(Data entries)
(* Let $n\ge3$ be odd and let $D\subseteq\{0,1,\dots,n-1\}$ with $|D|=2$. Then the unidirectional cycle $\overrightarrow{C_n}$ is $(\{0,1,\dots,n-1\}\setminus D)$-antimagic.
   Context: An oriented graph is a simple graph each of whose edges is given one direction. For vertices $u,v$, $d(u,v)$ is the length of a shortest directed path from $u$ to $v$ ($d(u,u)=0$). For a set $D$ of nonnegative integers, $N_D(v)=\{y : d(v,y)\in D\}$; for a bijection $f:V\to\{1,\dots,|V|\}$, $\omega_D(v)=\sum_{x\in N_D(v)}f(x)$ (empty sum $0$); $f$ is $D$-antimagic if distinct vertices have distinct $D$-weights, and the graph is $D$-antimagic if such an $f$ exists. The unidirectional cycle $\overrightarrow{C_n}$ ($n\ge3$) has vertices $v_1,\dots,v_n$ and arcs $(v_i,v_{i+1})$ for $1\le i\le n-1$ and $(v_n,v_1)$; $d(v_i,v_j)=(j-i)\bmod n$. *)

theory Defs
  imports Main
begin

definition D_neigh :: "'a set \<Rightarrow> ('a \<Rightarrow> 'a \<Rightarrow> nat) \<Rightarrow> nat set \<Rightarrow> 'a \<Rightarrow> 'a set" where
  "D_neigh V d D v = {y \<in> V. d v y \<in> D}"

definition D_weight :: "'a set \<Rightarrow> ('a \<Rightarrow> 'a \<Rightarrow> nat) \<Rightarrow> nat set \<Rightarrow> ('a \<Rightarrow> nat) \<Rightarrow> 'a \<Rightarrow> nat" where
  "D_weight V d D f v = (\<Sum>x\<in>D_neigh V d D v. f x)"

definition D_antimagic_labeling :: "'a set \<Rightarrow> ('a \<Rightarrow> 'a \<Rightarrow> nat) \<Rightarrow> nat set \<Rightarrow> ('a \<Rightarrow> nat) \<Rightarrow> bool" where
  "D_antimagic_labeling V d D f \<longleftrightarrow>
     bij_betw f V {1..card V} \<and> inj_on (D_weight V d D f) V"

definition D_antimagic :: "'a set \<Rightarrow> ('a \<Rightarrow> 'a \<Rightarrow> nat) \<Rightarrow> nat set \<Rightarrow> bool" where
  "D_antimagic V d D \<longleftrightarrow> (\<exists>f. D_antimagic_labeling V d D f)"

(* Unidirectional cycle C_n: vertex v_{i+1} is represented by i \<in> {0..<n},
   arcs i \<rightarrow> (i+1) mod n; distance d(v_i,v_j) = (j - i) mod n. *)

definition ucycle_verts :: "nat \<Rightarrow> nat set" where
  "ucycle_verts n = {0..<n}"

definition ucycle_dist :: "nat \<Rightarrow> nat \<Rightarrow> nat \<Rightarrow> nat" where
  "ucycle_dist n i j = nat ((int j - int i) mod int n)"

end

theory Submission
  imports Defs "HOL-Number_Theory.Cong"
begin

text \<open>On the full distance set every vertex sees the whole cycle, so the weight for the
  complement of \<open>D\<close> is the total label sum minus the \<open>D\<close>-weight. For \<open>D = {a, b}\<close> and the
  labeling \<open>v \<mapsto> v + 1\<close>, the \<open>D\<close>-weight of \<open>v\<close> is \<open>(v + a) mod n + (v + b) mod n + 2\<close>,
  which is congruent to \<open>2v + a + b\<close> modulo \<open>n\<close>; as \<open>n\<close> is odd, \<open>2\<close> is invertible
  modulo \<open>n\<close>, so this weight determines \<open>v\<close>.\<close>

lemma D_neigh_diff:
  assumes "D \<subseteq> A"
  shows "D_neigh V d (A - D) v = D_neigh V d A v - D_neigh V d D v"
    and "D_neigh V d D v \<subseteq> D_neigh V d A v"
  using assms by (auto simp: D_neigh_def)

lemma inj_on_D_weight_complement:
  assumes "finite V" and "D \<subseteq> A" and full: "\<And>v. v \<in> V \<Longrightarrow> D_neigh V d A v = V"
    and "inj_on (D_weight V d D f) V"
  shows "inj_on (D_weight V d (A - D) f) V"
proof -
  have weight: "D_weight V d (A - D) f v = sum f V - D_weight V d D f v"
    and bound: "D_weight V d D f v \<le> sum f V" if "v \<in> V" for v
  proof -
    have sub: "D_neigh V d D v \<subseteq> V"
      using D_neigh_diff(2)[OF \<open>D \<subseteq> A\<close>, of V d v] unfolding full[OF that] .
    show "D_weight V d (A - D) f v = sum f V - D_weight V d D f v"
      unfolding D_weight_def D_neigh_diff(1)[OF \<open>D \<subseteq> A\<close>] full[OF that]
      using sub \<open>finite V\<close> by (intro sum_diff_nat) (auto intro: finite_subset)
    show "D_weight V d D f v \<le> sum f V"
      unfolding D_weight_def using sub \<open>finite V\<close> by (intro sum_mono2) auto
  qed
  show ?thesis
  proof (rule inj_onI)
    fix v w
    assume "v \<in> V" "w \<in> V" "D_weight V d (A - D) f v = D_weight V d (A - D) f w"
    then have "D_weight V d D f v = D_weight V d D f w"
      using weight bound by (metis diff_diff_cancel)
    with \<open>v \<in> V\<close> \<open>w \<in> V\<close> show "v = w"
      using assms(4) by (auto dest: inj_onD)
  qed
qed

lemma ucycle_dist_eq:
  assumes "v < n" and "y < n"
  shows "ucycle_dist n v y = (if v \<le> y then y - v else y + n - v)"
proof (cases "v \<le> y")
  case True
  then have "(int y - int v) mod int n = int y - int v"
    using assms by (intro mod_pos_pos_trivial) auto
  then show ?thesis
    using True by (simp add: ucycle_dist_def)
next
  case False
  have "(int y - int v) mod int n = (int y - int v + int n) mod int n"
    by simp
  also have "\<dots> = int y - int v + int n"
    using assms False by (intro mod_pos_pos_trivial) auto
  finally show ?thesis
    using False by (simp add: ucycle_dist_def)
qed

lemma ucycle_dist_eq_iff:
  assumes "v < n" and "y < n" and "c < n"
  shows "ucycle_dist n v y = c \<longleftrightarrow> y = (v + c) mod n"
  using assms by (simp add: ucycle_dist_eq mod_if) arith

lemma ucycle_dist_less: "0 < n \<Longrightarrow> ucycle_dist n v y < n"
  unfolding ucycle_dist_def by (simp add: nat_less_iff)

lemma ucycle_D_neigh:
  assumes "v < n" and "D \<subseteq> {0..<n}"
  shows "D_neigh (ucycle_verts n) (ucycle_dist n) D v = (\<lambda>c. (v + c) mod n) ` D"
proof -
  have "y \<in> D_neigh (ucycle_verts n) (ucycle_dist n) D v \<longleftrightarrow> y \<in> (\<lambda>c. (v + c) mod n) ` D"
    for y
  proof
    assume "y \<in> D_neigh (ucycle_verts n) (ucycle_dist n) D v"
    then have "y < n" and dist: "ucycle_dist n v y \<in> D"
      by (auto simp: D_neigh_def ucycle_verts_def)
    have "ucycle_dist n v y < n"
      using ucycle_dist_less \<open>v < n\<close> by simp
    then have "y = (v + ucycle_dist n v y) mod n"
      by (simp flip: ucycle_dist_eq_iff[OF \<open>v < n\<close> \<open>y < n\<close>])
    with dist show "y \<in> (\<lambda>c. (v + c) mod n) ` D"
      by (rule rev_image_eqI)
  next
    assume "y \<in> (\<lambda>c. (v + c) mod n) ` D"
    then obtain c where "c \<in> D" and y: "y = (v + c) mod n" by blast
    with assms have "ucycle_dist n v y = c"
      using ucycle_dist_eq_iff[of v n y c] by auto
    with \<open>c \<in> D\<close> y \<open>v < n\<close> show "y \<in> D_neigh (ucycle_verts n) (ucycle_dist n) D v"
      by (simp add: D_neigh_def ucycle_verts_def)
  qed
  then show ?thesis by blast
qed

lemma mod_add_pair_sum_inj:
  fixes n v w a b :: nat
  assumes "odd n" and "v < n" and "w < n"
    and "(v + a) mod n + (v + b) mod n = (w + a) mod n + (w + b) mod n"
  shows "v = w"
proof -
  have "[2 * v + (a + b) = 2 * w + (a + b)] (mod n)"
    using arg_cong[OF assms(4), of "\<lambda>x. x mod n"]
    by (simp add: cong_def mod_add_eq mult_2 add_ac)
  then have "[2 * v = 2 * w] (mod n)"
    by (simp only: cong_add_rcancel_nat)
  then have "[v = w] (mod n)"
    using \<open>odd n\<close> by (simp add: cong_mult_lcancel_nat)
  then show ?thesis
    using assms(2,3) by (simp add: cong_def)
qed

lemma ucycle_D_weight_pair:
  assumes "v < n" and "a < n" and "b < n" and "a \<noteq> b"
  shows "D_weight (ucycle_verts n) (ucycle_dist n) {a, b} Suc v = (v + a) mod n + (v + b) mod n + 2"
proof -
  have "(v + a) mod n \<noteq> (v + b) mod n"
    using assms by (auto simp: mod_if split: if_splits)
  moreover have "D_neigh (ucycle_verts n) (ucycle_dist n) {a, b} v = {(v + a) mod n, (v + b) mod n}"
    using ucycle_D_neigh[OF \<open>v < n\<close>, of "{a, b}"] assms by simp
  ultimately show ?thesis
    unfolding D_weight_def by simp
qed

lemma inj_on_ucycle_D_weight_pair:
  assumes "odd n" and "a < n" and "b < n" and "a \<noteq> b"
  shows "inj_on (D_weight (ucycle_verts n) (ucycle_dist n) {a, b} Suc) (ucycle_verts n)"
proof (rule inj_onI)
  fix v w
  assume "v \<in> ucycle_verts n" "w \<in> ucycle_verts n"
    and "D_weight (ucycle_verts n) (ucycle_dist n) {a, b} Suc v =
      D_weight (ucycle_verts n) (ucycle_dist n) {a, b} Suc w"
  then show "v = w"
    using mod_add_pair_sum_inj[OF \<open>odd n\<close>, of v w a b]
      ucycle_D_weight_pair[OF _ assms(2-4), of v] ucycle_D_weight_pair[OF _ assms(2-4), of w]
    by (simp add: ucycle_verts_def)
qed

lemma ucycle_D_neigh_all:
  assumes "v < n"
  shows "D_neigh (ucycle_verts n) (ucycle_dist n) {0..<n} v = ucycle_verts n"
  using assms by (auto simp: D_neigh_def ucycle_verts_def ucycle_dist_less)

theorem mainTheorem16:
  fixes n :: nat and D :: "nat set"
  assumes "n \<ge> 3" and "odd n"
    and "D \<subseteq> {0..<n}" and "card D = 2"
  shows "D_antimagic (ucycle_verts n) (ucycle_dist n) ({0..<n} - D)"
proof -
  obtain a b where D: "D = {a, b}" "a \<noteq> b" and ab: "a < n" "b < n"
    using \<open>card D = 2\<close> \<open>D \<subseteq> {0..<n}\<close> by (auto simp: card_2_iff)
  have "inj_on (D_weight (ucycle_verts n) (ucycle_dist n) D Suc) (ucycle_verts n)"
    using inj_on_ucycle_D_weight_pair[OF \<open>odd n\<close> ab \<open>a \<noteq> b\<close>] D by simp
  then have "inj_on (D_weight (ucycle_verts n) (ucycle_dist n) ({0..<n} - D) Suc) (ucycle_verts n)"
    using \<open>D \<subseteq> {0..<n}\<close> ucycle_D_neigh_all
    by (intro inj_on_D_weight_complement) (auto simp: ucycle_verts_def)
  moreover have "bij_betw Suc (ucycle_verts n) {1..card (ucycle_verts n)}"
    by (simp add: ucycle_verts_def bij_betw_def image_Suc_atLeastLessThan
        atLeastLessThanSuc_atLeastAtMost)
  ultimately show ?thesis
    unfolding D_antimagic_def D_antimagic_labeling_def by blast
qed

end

**What this task involves:** Take the lines from the start of the records through the line holding "d v y \<in>", both included, and please print them exactly, with nothing else.

**Task answer:**
(* Let $n\ge3$ be odd and let $D\subseteq\{0,1,\dots,n-1\}$ with $|D|=2$. Then the unidirectional cycle $\overrightarrow{C_n}$ is $(\{0,1,\dots,n-1\}\setminus D)$-antimagic.
   Context: An oriented graph is a simple graph each of whose edges is given one direction. For vertices $u,v$, $d(u,v)$ is the length of a shortest directed path from $u$ to $v$ ($d(u,u)=0$). For a set $D$ of nonnegative integers, $N_D(v)=\{y : d(v,y)\in D\}$; for a bijection $f:V\to\{1,\dots,|V|\}$, $\omega_D(v)=\sum_{x\in N_D(v)}f(x)$ (empty sum $0$); $f$ is $D$-antimagic if distinct vertices have distinct $D$-weights, and the graph is $D$-antimagic if such an $f$ exists. The unidirectional cycle $\overrightarrow{C_n}$ ($n\ge3$) has vertices $v_1,\dots,v_n$ and arcs $(v_i,v_{i+1})$ for $1\le i\le n-1$ and $(v_n,v_1)$; $d(v_i,v_j)=(j-i)\bmod n$. *)

theory Defs
  imports Main
begin

definition D_neigh :: "'a set \<Rightarrow> ('a \<Rightarrow> 'a \<Rightarrow> nat) \<Rightarrow> nat set \<Rightarrow> 'a \<Rightarrow> 'a set" where
  "D_neigh V d D v = {y \<in> V. d v y \<in> D}"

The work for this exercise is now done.